#### Problem
Give back exactly the lines that run from the beginning of the entries to the line containing "interpretation hspace: vector_space hscale", both included, and nothing else.

#### Data under study
lemma local_commutation_alpha_star_comm:
  assumes "1 \<le> i" "i < j" "j \<le> D"
  shows "local_commutation D (alpha_star_comm D i j)"
  unfolding local_commutation_def
proof (intro conjI ballI allI impI)
  have ij: "i - 1 \<noteq> j - 1" "i - 1 < D" "j - 1 < D" using assms by auto
  show "edge_supported D (alpha_star_comm D i j)"
    by (auto simp: edge_supported_def is_hmat_def alpha_star_comm_apply hcA_def)
  fix x assume x: "x \<in> hcX D"
  then have lx: "length x = D" by (simp add: hcX_iff)
  show "alpha_star_comm D i j (flip x k) (flip x k) = alpha_star_comm D i j x x" for k
    by (simp add: alpha_star_comm_diag)
  have "(\<Sum>k<D. alpha_star_comm D i j x (flip x k)) = 0"
    using x ij by (simp add: alpha_star_comm_flip sum_subtractf sum_distrib_left[symmetric])
  then show "(\<Sum>k<D. alpha_star_comm D i j x (flip x k)) = (\<Sum>k<D. alpha_star_comm D i j (flip x k) x)"
    by (simp add: alpha_star_comm_antisym[of D i j _ x] sum_negf)
  fix k l assume "k < D" "l < D" "k \<noteq> l"
  then show "alpha_star_comm D i j x (flip x k) + alpha_star_comm D i j x (flip x l) =
      alpha_star_comm D i j (flip x k) (flip (flip x k) l) + alpha_star_comm D i j (flip x l) (flip (flip x l) k)"
    using x ij lx by (simp add: alpha_star_comm_flip coord_sign_flip)
qed

section \<open>The space of \<open>A\<close>-like matrices\<close>

interpretation hspace: vector_space hscale
  by unfold_locales (auto simp: hscale_def fun_eq_iff algebra_simps)

lemma hmult_add_left: "hmult D (B + C) E = hmult D B E + hmult D C E"
  by (simp add: hmult_def fun_eq_iff sum.distrib distrib_right)

lemma hmult_add_right: "hmult D E (B + C) = hmult D E B + hmult D E C"
  by (simp add: hmult_def fun_eq_iff sum.distrib distrib_left)

lemma hmult_hscale_left: "hmult D (hscale c B) E = hscale c (hmult D B E)"
  by (simp add: hmult_def hscale_def fun_eq_iff sum_distrib_left mult.assoc)

lemma hmult_hscale_right: "hmult D E (hscale c B) = hscale c (hmult D E B)"
  by (simp add: hmult_def hscale_def fun_eq_iff sum_distrib_left mult.left_commute)

lemma A_like_subspace: "hspace.subspace {B. A_like D B}"
  unfolding hspace.subspace_def
proof (intro conjI ballI allI)
  show "0 \<in> {B. A_like D B}"
    by (simp add: A_like_def is_hmat_def hmult_def fun_eq_iff)
  show "B + C \<in> {B. A_like D B}" if "B \<in> {B. A_like D B}" "C \<in> {B. A_like D B}" for B C
    using that unfolding A_like_def mem_Collect_eq is_hmat_def hmult_add_left hmult_add_right by simp
  show "hscale c B \<in> {B. A_like D B}" if "B \<in> {B. A_like D B}" for c B
    using that unfolding A_like_def mem_Collect_eq is_hmat_def hmult_hscale_left hmult_hscale_right
    by (simp add: hscale_def)
qed

datatype basis_index = Idx_I | Idx_alpha nat | Idx_comm nat nat

definition basis_indices :: "nat \<Rightarrow> basis_index set" where
  "basis_indices D = insert Idx_I (Idx_alpha ` {1..D} \<union> case_prod Idx_comm ` {(i, j). 1 \<le> i \<and> i < j \<and> j \<le> D})"

primrec basis_matrix :: "nat \<Rightarrow> basis_index \<Rightarrow> hmat" where
  "basis_matrix D Idx_I = hcI D"
| "basis_matrix D (Idx_alpha i) = alpha D i"
| "basis_matrix D (Idx_comm i j) = alpha_star_comm D i j"

text \<open>The coordinates are exactly the data that \<open>local_commutation_eq_zero\<close> needs at the origin;
  they are biorthogonal to the basis matrices with weights 1, 2 and 4.\<close>

primrec basis_coord :: "nat \<Rightarrow> basis_index \<Rightarrow> hmat \<Rightarrow> real" where
  "basis_coord D Idx_I B = B (origin D) (origin D)"
| "basis_coord D (Idx_alpha i) B =
     B (origin D) (flip (origin D) (i - 1)) + B (flip (origin D) (i - 1)) (origin D)"
| "basis_coord D (Idx_comm i j) B =
     B (origin D) (flip (origin D) (i - 1)) - B (flip (origin D) (j - 1)) (flip (flip (origin D) (j - 1)) (i - 1))"

primrec basis_coord_weight :: "basis_index \<Rightarrow> real" where
  "basis_coord_weight Idx_I = 1"
| "basis_coord_weight (Idx_alpha i) = 2"
| "basis_coord_weight (Idx_comm i j) = 4"

lemma basis_coord_add: "basis_coord D p (B + C) = basis_coord D p B + basis_coord D p C"
  by (cases p) simp_all

lemma basis_coord_hscale: "basis_coord D p (hscale c B) = c * basis_coord D p B"
  by (cases p) (simp_all add: hscale_def algebra_simps)

lemma A_like_basis_matrix: "q \<in> basis_indices D \<Longrightarrow> A_like D (basis_matrix D q)"
  unfolding basis_indices_def A_like_iff_local_commutation
  using local_commutation_hcI local_commutation_alpha local_commutation_alpha_star_comm by auto

lemma A_like_eq_zero_if_basis_coords_zero:
  assumes "A_like D B" and "\<forall>p\<in>basis_indices D. basis_coord D p B = 0"
  shows "B = 0"
proof (rule local_commutation_eq_zero)
  show "local_commutation D B" using assms(1) by (simp add: A_like_iff_local_commutation)
  have "Idx_I \<in> basis_indices D"
    by (simp add: basis_indices_def)
  then show "B (origin D) (origin D) = 0"
    using assms(2) by fastforce
  show "B (origin D) (flip (origin D) k) + B (flip (origin D) k) (origin D) = 0" if "k < D" for k
  proof -
    have "Idx_alpha (Suc k) \<in> basis_indices D"
      using that by (simp add: basis_indices_def)
    then show ?thesis using assms(2) by fastforce
  qed
  show "B (origin D) (flip (origin D) k) = B (flip (origin D) l) (flip (flip (origin D) l) k)"
    if "k < l" "l < D" for k l
  proof -
    have "Idx_comm (Suc k) (Suc l) \<in> basis_indices D"
      using that unfolding basis_indices_def by (auto intro: image_eqI[of _ _ "(Suc k, Suc l)"])
    then show ?thesis using assms(2) by fastforce
  qed
qed


lemma basis_coord_Idx_I:
  "basis_coord D Idx_I (basis_matrix D q) = (if q = Idx_I then 1 else 0)"
  by (cases q) (simp_all add: hcI_def alpha_diag alpha_star_comm_diag)

lemma basis_coord_Idx_alpha:
  assumes "1 \<le> i" "i \<le> D" "q \<in> basis_indices D"
  shows "basis_coord D (Idx_alpha i) (basis_matrix D q) = (if q = Idx_alpha i then 2 else 0)"
proof -
  let ?o = "origin D" and ?k = "i - 1"
  have k: "?k < D" using assms by simp
  show ?thesis
  proof (cases q)
    case Idx_I
    then show ?thesis using k by (simp add: hcI_def)
  next
    case (Idx_alpha i')
    then have "1 \<le> i'" "i' \<le> D" using assms(3) by (auto simp: basis_indices_def)
    then show ?thesis using Idx_alpha assms k
      by (auto simp: alpha_symmetric[of D i' _ "origin D"] alpha_flip)
  next
    case (Idx_comm i' j')
    then show ?thesis by (simp add: alpha_star_comm_antisym[of D i' j' _ "origin D"])
  qed
qed

lemma basis_coord_Idx_comm:
  assumes "1 \<le> i" "i < j" "j \<le> D" "q \<in> basis_indices D"
  shows "basis_coord D (Idx_comm i j) (basis_matrix D q) = (if q = Idx_comm i j then 4 else 0)"
proof -
  let ?o = "origin D"
  have k: "i - 1 < D" "j - 1 < D" "i - 1 \<noteq> j - 1" using assms by auto
  show ?thesis
  proof (cases q)
    case Idx_I
    then show ?thesis using k by (simp add: hcI_def)
  next
    case (Idx_alpha i')
    then have "1 \<le> i'" "i' \<le> D" using assms(4) by (auto simp: basis_indices_def)
    then show ?thesis using Idx_alpha k by (simp add: alpha_flip)
  next
    case (Idx_comm i' j')
    then have "1 \<le> i'" "i' < j'" "j' \<le> D" using assms(4) by (auto simp: basis_indices_def)
    moreover have "i' - 1 < D" "j' - 1 < D" "i' - 1 \<noteq> j' - 1" using calculation by auto
    ultimately show ?thesis using Idx_comm assms k
      by (auto simp: alpha_star_comm_flip coord_sign_flip coord_sign_origin)
  qed
qed

lemma basis_coord_basis_matrix:
  assumes p: "p \<in> basis_indices D" and q: "q \<in> basis_indices D"
  shows "basis_coord D p (basis_matrix D q) = (if p = q then basis_coord_weight p else 0)"
proof -
  consider "p = Idx_I" | i where "p = Idx_alpha i" "1 \<le> i" "i \<le> D"
    | i j where "p = Idx_comm i j" "1 \<le> i" "i < j" "j \<le> D"
    using p by (auto simp: basis_indices_def)
  then show ?thesis
  proof cases
    case 1
    then show ?thesis using basis_coord_Idx_I[of D q] by simp
  next
    case (2 i)
    then show ?thesis using basis_coord_Idx_alpha[OF 2(2,3) q] by auto
  next
    case (3 i j)
    then show ?thesis using basis_coord_Idx_comm[OF 3(2-4) q] by auto
  qed
qed

definition strict_pairs :: "nat \<Rightarrow> (nat \<times> nat) set" where
  "strict_pairs D = {(i, j). 1 \<le> i \<and> i < j \<and> j \<le> D}"

lemma finite_strict_pairs: "finite (strict_pairs D)"
  by (rule finite_subset[of _ "{0..D} \<times> {0..D}"]) (auto simp: strict_pairs_def)

lemma card_strict_pairs: "card (strict_pairs D) = D choose 2"
proof (induction D)
  case 0
  have "strict_pairs 0 = {}" by (auto simp: strict_pairs_def)
  then show ?case by simp
next
  case (Suc n)
  have "strict_pairs (Suc n) = strict_pairs n \<union> (\<lambda>i. (i, Suc n)) ` {1..n}"
    by (auto simp: strict_pairs_def)
  then have "card (strict_pairs (Suc n)) = card (strict_pairs n) + card ((\<lambda>i. (i, Suc n)) ` {1..n})"
    using finite_strict_pairs[of n] by (auto simp: strict_pairs_def intro: card_Un_disjoint)
  also have "card ((\<lambda>i. (i, Suc n)) ` {1..n}) = n"
    by (subst card_image) (auto simp: inj_on_def)
  finally show ?case using Suc by (simp add: numeral_2_eq_2)
qed

lemma finite_basis_indices: "finite (basis_indices D)"
  using finite_strict_pairs[of D] by (simp add: basis_indices_def strict_pairs_def)

lemma card_basis_indices: "card (basis_indices D) = 1 + D + (D choose 2)"
proof -
  have "card (Idx_alpha ` {1..D}) = D"
    by (simp add: card_image inj_on_def)
  moreover have "card (case_prod Idx_comm ` strict_pairs D) = D choose 2"
    by (subst card_image) (auto simp: inj_on_def card_strict_pairs)
  moreover have "card (Idx_alpha ` {1..D} \<union> case_prod Idx_comm ` strict_pairs D) =
      card (Idx_alpha ` {1..D}) + card (case_prod Idx_comm ` strict_pairs D)"
    using finite_strict_pairs[of D] by (intro card_Un_disjoint) auto
  ultimately show ?thesis
    unfolding basis_indices_def strict_pairs_def[symmetric] using finite_strict_pairs[of D]
    by (subst card_insert_disjoint) auto
qed

lemma hbasis_set_eq_image: "hbasis_set D = basis_matrix D ` basis_indices D"
proof -
  have "{alpha_star_comm D i j | i j. 1 \<le> i \<and> i < j \<and> j \<le> D} =
      (\<lambda>(i, j). alpha_star_comm D i j) ` {(i, j). 1 \<le> i \<and> i < j \<and> j \<le> D}"
    by (auto intro: image_eqI[where x = "(i, j)" for i j])
  also have "\<dots> = basis_matrix D ` case_prod Idx_comm ` {(i, j). 1 \<le> i \<and> i < j \<and> j \<le> D}"
    by (simp add: image_image case_prod_beta')
  finally show ?thesis
    unfolding hbasis_set_def basis_indices_def alpha_star_comm_def[symmetric]
    by (simp add: image_Un image_image)
qed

#### Completed exercise
lemma local_commutation_alpha_star_comm:
  assumes "1 \<le> i" "i < j" "j \<le> D"
  shows "local_commutation D (alpha_star_comm D i j)"
  unfolding local_commutation_def
proof (intro conjI ballI allI impI)
  have ij: "i - 1 \<noteq> j - 1" "i - 1 < D" "j - 1 < D" using assms by auto
  show "edge_supported D (alpha_star_comm D i j)"
    by (auto simp: edge_supported_def is_hmat_def alpha_star_comm_apply hcA_def)
  fix x assume x: "x \<in> hcX D"
  then have lx: "length x = D" by (simp add: hcX_iff)
  show "alpha_star_comm D i j (flip x k) (flip x k) = alpha_star_comm D i j x x" for k
    by (simp add: alpha_star_comm_diag)
  have "(\<Sum>k<D. alpha_star_comm D i j x (flip x k)) = 0"
    using x ij by (simp add: alpha_star_comm_flip sum_subtractf sum_distrib_left[symmetric])
  then show "(\<Sum>k<D. alpha_star_comm D i j x (flip x k)) = (\<Sum>k<D. alpha_star_comm D i j (flip x k) x)"
    by (simp add: alpha_star_comm_antisym[of D i j _ x] sum_negf)
  fix k l assume "k < D" "l < D" "k \<noteq> l"
  then show "alpha_star_comm D i j x (flip x k) + alpha_star_comm D i j x (flip x l) =
      alpha_star_comm D i j (flip x k) (flip (flip x k) l) + alpha_star_comm D i j (flip x l) (flip (flip x l) k)"
    using x ij lx by (simp add: alpha_star_comm_flip coord_sign_flip)
qed

section \<open>The space of \<open>A\<close>-like matrices\<close>

interpretation hspace: vector_space hscale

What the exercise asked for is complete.